ILO: Youth joblessness near crisis peak

Youth joblessness is almost back at its peak following the outbreak of the global economic crisis and is unlikely to ease until at least 2016, the International Labour Organization warned Tuesday.

The ILO said nearly 75 million youths or 12.7 percent of people aged 15 to 24 will be out of work this year, up from 12.6 percent in 2011.

The jobless total is creeping towards the 75.4 million unemployed in 2009 when the financial crisis caused the number to soar.

The picture is more gloomy if the millions who have put off or given up looking for a job are included: this would put the 2011 figure at 13.6 percent.

Youths opting to prolong their education will meanwhile enter the labour market in the coming years, putting continued pressure on the jobless rate.

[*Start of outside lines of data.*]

(* Fix a finite set $\Phi$ of $g$ groups and probabilities $p_{jk}\in[0,1]$ for $j,k\in\Phi$. For each $m$, let $V$ be a set of $m$ vertices, each assigned to a group by an arbitrary map $\varphi:V\to\Phi$, and let $\mathcal D$ be the random directed graph on $V$ in which each arc $(u,v)$, $u\ne v$, is present independently with probability $p_{\varphi(u)\varphi(v)}$. Let $\mathcal G$ be the undirected mutual-compatibility graph of $\mathcal D$ ($u,v$ adjacent iff both $(u,v)$ and $(v,u)$ are arcs). Then there is a constant $D>0$ depending only on $g$ and the $p_{jk}$ (not on $m$ or $\varphi$) such that $\mathbb E[\nu(\mathcal G)]\le D\log m$ for all $m\ge 2$, and $\Pr\big(\nu(\mathcal G)\le D\log m\big)\to 1$ as $m\to\infty$.
   Context: A set of odd cycles $\{c_1,\dots,c_l\}$ of an undirected graph is independent if the cycles are pairwise vertex-disjoint and no edge joins a vertex of $c_i$ to a vertex of $c_j$ for $i\ne j$; $\nu(\mathcal G)$ is the maximum size of an independent set of odd cycles of $\mathcal G$. *)

theory Defs
  imports "HOL-Probability.Probability"
begin

text \<open>An odd cycle is recorded by its vertex set: a set C of vertices of V that can be listed
  as distinct vertices v_0, ..., v_(k-1), k odd, k at least 3, with consecutive vertices
  (cyclically) adjacent.\<close>

definition odd_cycle :: "'a set \<Rightarrow> ('a \<Rightarrow> 'a \<Rightarrow> bool) \<Rightarrow> 'a set \<Rightarrow> bool" where
  "odd_cycle V E C \<longleftrightarrow>
     (\<exists>xs. distinct xs \<and> odd (length xs) \<and> length xs \<ge> 3 \<and> set xs = C \<and> C \<subseteq> V \<and>
           (\<forall>i < length xs. E (xs ! i) (xs ! ((i + 1) mod length xs))))"
(* Let $S'\le S$ be finite $p$-groups, $\mathcal{F}_1$ a fusion system over $S$, $\mathcal{F}_2,\mathcal{F}_e$ fusion systems over $S'$ with $\mathcal{F}_e\subseteq\mathcal{F}_1\cap\mathcal{F}_2$, $\mathcal{F}=\langle\mathcal{F}_1,\mathcal{F}_2\rangle_S$, $\Lambda=\{\mathcal{F}_1,\mathcal{F}_2,\mathcal{F}_e\}$, and $\mathcal{C}$ a family of subgroups of $S$ containing $S'$ and closed under $\mathcal{F}$-conjugation and overgroups. Let $P\in\mathcal{C}$ and assume that for every $Q\cong_{\mathcal{F}}P$, $\operatorname{Hom}_{\mathcal{F}_e}(Q,S')=\operatorname{Hom}_{\mathcal{F}_1}(Q,S')\cap\operatorname{Hom}_{\mathcal{F}_2}(Q,S')$, and that either (1) $\operatorname{Hom}_{\mathcal{F}}(P,S')=\operatorname{Hom}_{\mathcal{H}}(P,S')$ for some $\mathcal{H}\in\{\mathcal{F}_1,\mathcal{F}_2\}$, or (2) $\operatorname{Aut}_{\mathcal{F}}(P)=\operatorname{Aut}_{\mathcal{F}_2}(P)$ and, for every $Q$ with $Q\cong_{\mathcal{F}}P$ but $Q\not\cong_{\mathcal{F}_e}P$, $\operatorname{Hom}_{\mathcal{F}_e}(Q,S')=\operatorname{Hom}_{\mathcal{F}_2}(Q,S')$. Then the graph $\operatorname{Rep}_{\mathcal{F}}(P,\Lambda)$ is a tree. In particular $H_1(\operatorname{Rep}_{\mathcal{F}}(P,\Lambda);\mathcal{R})=0$ for every commutative ring $\mathcal{R}$.
   Context: $\langle\mathcal{F}_1,\mathcal{F}_2\rangle_S$ is the smallest fusion system over $S$ containing both. For a fusion system $\mathcal{H}$ over $S_{\mathcal{H}}$ ($S_{\mathcal{F}_1}=S$, $S_{\mathcal{F}_2}=S_{\mathcal{F}_e}=S'$), $\operatorname{Rep}_{\mathcal{F}}(P,\mathcal{H})=\operatorname{Hom}_{\mathcal{F}}(P,S_{\mathcal{H}})/\sim$ where $\varphi\sim\psi$ iff there is an $\mathcal{H}$-isomorphism $\theta:\varphi(P)\to\psi(P)$ with $\theta\varphi=\psi$. $\operatorname{Rep}_{\mathcal{F}}(P,\Lambda)$ is the bipartite graph with vertex set $\operatorname{Rep}_{\mathcal{F}}(P,\mathcal{F}_1)\sqcup\operatorname{Rep}_{\mathcal{F}}(P,\mathcal{F}_2)$ and edge set $\operatorname{Rep}_{\mathcal{F}}(P,\mathcal{F}_e)$, the edge $[\varphi]_{\mathcal{F}_e}$ joining $[\varphi]_{\mathcal{F}_2}$ and $[\iota_{S'}^S\varphi]_{\mathcal{F}_1}$. *)

theory Defs
  imports "HOL-Algebra.Group" "HOL-Library.FuncSet" "HOL-Computational_Algebra.Primes"
begin

text \<open>A morphism of a fusion system is represented as a pair (P, phi) where P is the
  domain (a subgroup of the ambient group G contained in S) and phi is an injective group
  homomorphism on P, extensional outside P.  The codomain is left implicit: phi belongs to
  Hom(P,Q) for every Q containing the image phi(P).\<close>

definition conjmap :: "('a, 'b) monoid_scheme \<Rightarrow> 'a \<Rightarrow> 'a set \<Rightarrow> 'a \<Rightarrow> 'a" where
  "conjmap G s P = restrict (\<lambda>x. s \<otimes>\<^bsub>G\<^esub> x \<otimes>\<^bsub>G\<^esub> inv\<^bsub>G\<^esub> s) P"

definition fusion_system ::
  "('a, 'b) monoid_scheme \<Rightarrow> 'a set \<Rightarrow> ('a set \<times> ('a \<Rightarrow> 'a)) set \<Rightarrow> bool" where
  "fusion_system G S F \<longleftrightarrow>
     (\<forall>(P, \<phi>) \<in> F. subgroup P G \<and> P \<subseteq> S \<and> \<phi> \<in> hom (G\<lparr>carrier := P\<rparr>) G
                     \<and> \<phi> ` P \<subseteq> S \<and> inj_on \<phi> P \<and> \<phi> \<in> extensional P)
   \<and> (\<forall>P s. subgroup P G \<and> P \<subseteq> S \<and> s \<in> S \<longrightarrow> (P, conjmap G s P) \<in> F)
   \<and> (\<forall>P \<phi> Q \<psi>. (P, \<phi>) \<in> F \<and> (Q, \<psi>) \<in> F \<and> \<phi> ` P \<subseteq> Q \<longrightarrow> (P, compose P \<psi> \<phi>) \<in> F)
   \<and> (\<forall>P \<phi>. (P, \<phi>) \<in> F \<longrightarrow> (\<phi> ` P, restrict (inv_into P \<phi>) (\<phi> ` P)) \<in> F)"

definition fusion_gen ::
  "('a, 'b) monoid_scheme \<Rightarrow> 'a set \<Rightarrow> ('a set \<times> ('a \<Rightarrow> 'a)) set
     \<Rightarrow> ('a set \<times> ('a \<Rightarrow> 'a)) set \<Rightarrow> ('a set \<times> ('a \<Rightarrow> 'a)) set" where
  "fusion_gen G S F1 F2 = \<Inter> {F. fusion_system G S F \<and> F1 \<subseteq> F \<and> F2 \<subseteq> F}"

definition Hom_fs :: "('a set \<times> ('a \<Rightarrow> 'a)) set \<Rightarrow> 'a set \<Rightarrow> 'a set \<Rightarrow> ('a \<Rightarrow> 'a) set" where
  "Hom_fs F P Q = {\<phi>. (P, \<phi>) \<in> F \<and> \<phi> ` P \<subseteq> Q}"
text \<open>Distribution of one observation, represented as the pair (X, eps), with eps independent of X
  and having distribution mu; the response is Y = mtilde X + eps.\<close>
definition obs_dist :: "nat \<Rightarrow> real measure \<Rightarrow> ((nat \<Rightarrow> real) \<times> real) measure" where
  "obs_dist p \<mu> = Xdist p \<Otimes>\<^sub>M \<mu>"

definition mtilde :: "(nat \<Rightarrow> real \<Rightarrow> real) \<Rightarrow> nat \<Rightarrow> (nat \<Rightarrow> real) \<Rightarrow> real" where
  "mtilde m p x = (\<Sum>l<p. m l (x l))"

definition derangements :: "nat \<Rightarrow> (nat \<Rightarrow> nat) set" where
  "derangements n = {\<pi>. \<pi> permutes {..<n} \<and> (\<forall>i<n. \<pi> i \<noteq> i)}"

definition hker :: "(nat \<Rightarrow> real \<Rightarrow> real) \<Rightarrow> nat \<Rightarrow> nat \<Rightarrow> nat
    \<Rightarrow> (nat \<Rightarrow> (nat \<Rightarrow> real) \<times> real) \<Rightarrow> (nat \<Rightarrow> nat) \<Rightarrow> real" where
  "hker m p j \<gamma> zs \<pi> = (1 / real \<gamma>) * (\<Sum>i<\<gamma>.
      (let x = fst (zs i); y = mtilde m p x + snd (zs i)
       in (y - mtilde m p (x(j := fst (zs (\<pi> i)) j)))\<^sup>2 - (y - mtilde m p x)\<^sup>2))"

text \<open>Average of the kernel over a uniformly random derangement (independent of the data).\<close>
definition hbar :: "(nat \<Rightarrow> real \<Rightarrow> real) \<Rightarrow> nat \<Rightarrow> nat \<Rightarrow> nat
    \<Rightarrow> (nat \<Rightarrow> (nat \<Rightarrow> real) \<times> real) \<Rightarrow> real" where
  "hbar m p j \<gamma> zs = (\<Sum>\<pi>\<in>derangements \<gamma>. hker m p j \<gamma> zs \<pi>) / real (card (derangements \<gamma>))"

text \<open>E[h_gamma | Z_1 = z]: the first observation (index 0) is fixed to z, all other
  observations (i.i.d. with law obs_dist) and the derangement are integrated out.\<close>
definition condexp1 :: "(nat \<Rightarrow> real \<Rightarrow> real) \<Rightarrow> nat \<Rightarrow> nat \<Rightarrow> real measure \<Rightarrow> nat
    \<Rightarrow> (nat \<Rightarrow> real) \<times> real \<Rightarrow> real" where
  "condexp1 m p j \<mu> \<gamma> z =
     (\<integral>zs. hbar m p j \<gamma> (zs(0 := z)) \<partial>(PiM {..<\<gamma>} (\<lambda>_. obs_dist p \<mu>)))"

definition zeta1 :: "(nat \<Rightarrow> real \<Rightarrow> real) \<Rightarrow> nat \<Rightarrow> nat \<Rightarrow> real measure \<Rightarrow> nat \<Rightarrow> real" where
  "zeta1 m p j \<mu> \<gamma> =
     (\<integral>z. (condexp1 m p j \<mu> \<gamma> z - (\<integral>z'. condexp1 m p j \<mu> \<gamma> z' \<partial>obs_dist p \<mu>))\<^sup>2 \<partial>obs_dist p \<mu>)"

end

theory Submission
  imports Defs
begin

text \<open>Since mtilde is additive, replacing the j-th coordinate of X_i by that of X_\<pi>(i) shifts
  mtilde by m_j(X_\<pi>(i)^(j)) - m_j(X_i^(j)); hence the i-th summand of h_\<gamma> is a fixed function
  kernel_term(Z_\<pi>(i), Z_i) of two observations. Given Z_1, only the summand with i = 1 and the
  one with \<pi>(i) = 1 involve Z_1, and their conditional means add up to proj(Z_1) plus a constant,
  where proj(z) = 2 d(z)^2 + 2 \<epsilon> d(z) and d = m_j(x^(j)) - E m_j. So
  E[h_\<gamma> | Z_1] = proj(Z_1)/\<gamma> + c_\<gamma>, and \<gamma>^2 \<zeta>_{1,\<gamma>} = Var proj(Z_1) for every \<gamma> \<ge> 2;
  this constant is 4 Var(d^2) + 4 Var(m_j) \<sigma>^2 > 0.\<close>

lemma mtilde_fun_upd:
  assumes "j < p"
  shows "mtilde m p (x(j := t)) = mtilde m p x - m j (x j) + m j t"
proof -
  have "mtilde m p (x(j := t)) = m j t + (\<Sum>l\<in>{..<p}-{j}. m l (x l))"
    unfolding mtilde_def using assms by (subst sum.remove[of _ j]) auto
  moreover have "mtilde m p x = m j (x j) + (\<Sum>l\<in>{..<p}-{j}. m l (x l))"
    unfolding mtilde_def using assms by (subst sum.remove[of _ j]) auto
  ultimately show ?thesis by simp
qed

lemma prob_space_unif01: "prob_space unif01"
  unfolding unif01_def by (intro prob_space_uniform_measure) auto

lemma sets_unif01[measurable_cong]: "sets unif01 = sets borel"
  unfolding unif01_def by simp

lemma AE_unif01: "AE t in unif01. t \<in> {0..1}"
  unfolding unif01_def by (intro AE_uniform_measureI) auto

lemma integrable_power_le_even:
  fixes M :: "real measure"
  assumes "prob_space M" and "sets M = sets borel"
    and "integrable M (\<lambda>x. x ^ (2 * n))" and "k \<le> 2 * n"
  shows "integrable M (\<lambda>x. x ^ k)"
proof (rule Bochner_Integration.integrable_bound)
  interpret prob_space M by fact
  show "integrable M (\<lambda>x. 1 + x ^ (2 * n))"
    using assms(3) by (intro Bochner_Integration.integrable_add) auto
  show "(\<lambda>x. x ^ k) \<in> borel_measurable M"
    unfolding measurable_cong_sets[OF assms(2) refl] by simp
  have "norm (x ^ k) \<le> norm (1 + x ^ (2 * n))" for x :: real
  proof -
    have even: "0 \<le> x ^ (2 * n)" "\<bar>x\<bar> ^ (2 * n) = x ^ (2 * n)"
      by (simp_all add: power_mult)
    have "\<bar>x\<bar> ^ k \<le> 1 + x ^ (2 * n)"
    proof (cases "\<bar>x\<bar> \<le> 1")
      case True
      then have "\<bar>x\<bar> ^ k \<le> 1" by (intro power_le_one) auto
      with even show ?thesis by linarith
    next
      case False
      then have "\<bar>x\<bar> ^ k \<le> \<bar>x\<bar> ^ (2 * n)" using assms(4) by (intro power_increasing) auto
      with even show ?thesis by linarith
    qed
    with even show ?thesis by (simp add: power_abs)
  qed
  then show "AE x in M. norm (x ^ k) \<le> norm (1 + x ^ (2 * n))" by simp
qed

lemma
  fixes f :: "'a \<Rightarrow> real" and h :: "'b \<Rightarrow> real"
  assumes "prob_space A" and "prob_space B" and f: "integrable A f" and h: "integrable B h"
  shows integrable_pair_measure_mult: "integrable (A \<Otimes>\<^sub>M B) (\<lambda>w. f (fst w) * h (snd w))"
    and integral_pair_measure_mult:
      "(\<integral>w. f (fst w) * h (snd w) \<partial>(A \<Otimes>\<^sub>M B)) = (\<integral>x. f x \<partial>A) * (\<integral>y. h y \<partial>B)"
proof -
  interpret A: prob_space A by fact
  interpret B: prob_space B by fact
  interpret pair_sigma_finite A B by unfold_locales
  have [measurable]: "f \<in> borel_measurable A" "h \<in> borel_measurable B" using f h by auto
  have "(\<integral>\<^sup>+ w. ennreal (norm (f (fst w) * h (snd w))) \<partial>(A \<Otimes>\<^sub>M B))
      = (\<integral>\<^sup>+ x. \<integral>\<^sup>+ y. ennreal (norm (f x)) * ennreal (norm (h y)) \<partial>B \<partial>A)"
    by (subst B.nn_integral_fst[symmetric]) (auto simp: abs_mult ennreal_mult)
  also have "\<dots> = (\<integral>\<^sup>+ x. ennreal (norm (f x)) \<partial>A) * (\<integral>\<^sup>+ y. ennreal (norm (h y)) \<partial>B)"
    by (simp add: nn_integral_cmult nn_integral_multc)
  also have "\<dots> < \<infinity>"
    using f h by (simp add: integrable_iff_bounded ennreal_mult_less_top)
  finally show "integrable (A \<Otimes>\<^sub>M B) (\<lambda>w. f (fst w) * h (snd w))"
    by (simp add: integrable_iff_bounded)
  then show "(\<integral>w. f (fst w) * h (snd w) \<partial>(A \<Otimes>\<^sub>M B)) = (\<integral>x. f x \<partial>A) * (\<integral>y. h y \<partial>B)"
    using integral_fst[of "\<lambda>x y. f x * h y"] by (simp add: case_prod_beta')
qed

lemma
  fixes f :: "'i \<Rightarrow> 'a \<Rightarrow> real"
  assumes "prob_space M" and "finite I" and "J \<subseteq> I" and f: "\<And>l. l \<in> J \<Longrightarrow> integrable M (f l)"
  shows integrable_PiM_prod_subset: "integrable (PiM I (\<lambda>_. M)) (\<lambda>\<omega>. \<Prod>l\<in>J. f l (\<omega> l))"
    and integral_PiM_prod_subset:
      "(\<integral>\<omega>. (\<Prod>l\<in>J. f l (\<omega> l)) \<partial>PiM I (\<lambda>_. M)) = (\<Prod>l\<in>J. \<integral>x. f l x \<partial>M)"
proof -
  interpret M: prob_space M by fact
  interpret product_sigma_finite "\<lambda>_. M" by unfold_locales
  define f' where "f' l = (if l \<in> J then f l else (\<lambda>_. 1))" for l
  have f': "\<And>l. l \<in> I \<Longrightarrow> integrable M (f' l)" using f by (simp add: f'_def)
  have "(\<Prod>l\<in>I. g l) = (\<Prod>l\<in>J. g l)" if "\<And>l. l \<in> I - J \<Longrightarrow> g l = 1" for g :: "'i \<Rightarrow> real"
    using assms(2,3) that by (intro prod.mono_neutral_right) auto
  then have "(\<Prod>l\<in>I. f' l (\<omega> l)) = (\<Prod>l\<in>J. f l (\<omega> l))"
    and "(\<Prod>l\<in>I. \<integral>x. f' l x \<partial>M) = (\<Prod>l\<in>J. \<integral>x. f l x \<partial>M)" for \<omega>
    by (simp_all add: f'_def M.prob_space)
  with product_integrable_prod[of I f', OF assms(2) f'] product_integral_prod[of I f', OF assms(2) f']
  show "integrable (PiM I (\<lambda>_. M)) (\<lambda>\<omega>. \<Prod>l\<in>J. f l (\<omega> l))"
    and "(\<integral>\<omega>. (\<Prod>l\<in>J. f l (\<omega> l)) \<partial>PiM I (\<lambda>_. M)) = (\<Prod>l\<in>J. \<integral>x. f l x \<partial>M)"
    by simp_all
qed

"By 2016, the youth unemployment rate is projected to remain at the same high level," said the ILO.

More than a quarter (27.9 percent) of youths were unemployed in North Africa last year following the Arab spring uprisings, an increase of five percentage points on 2010.

The Middle East figure stood at 26.5 percent in the report's regional breakdown.

In its Global Employment Trends for Youth report, ILO suggests offering tax and other incentives to businesses hiring young people and more entrepreneurship programmes to help youths kick-start a career.

"The youth unemployment crisis can be beaten but only if job creation for young people becomes a key priority in policy-making and private sector investment picks up significantly," said executive director of the ILO's employment sector, Jose Manuel Salazar-Xirinachs.

The statistics showed the jobs crisis tended to have a stronger impact on women in most regions.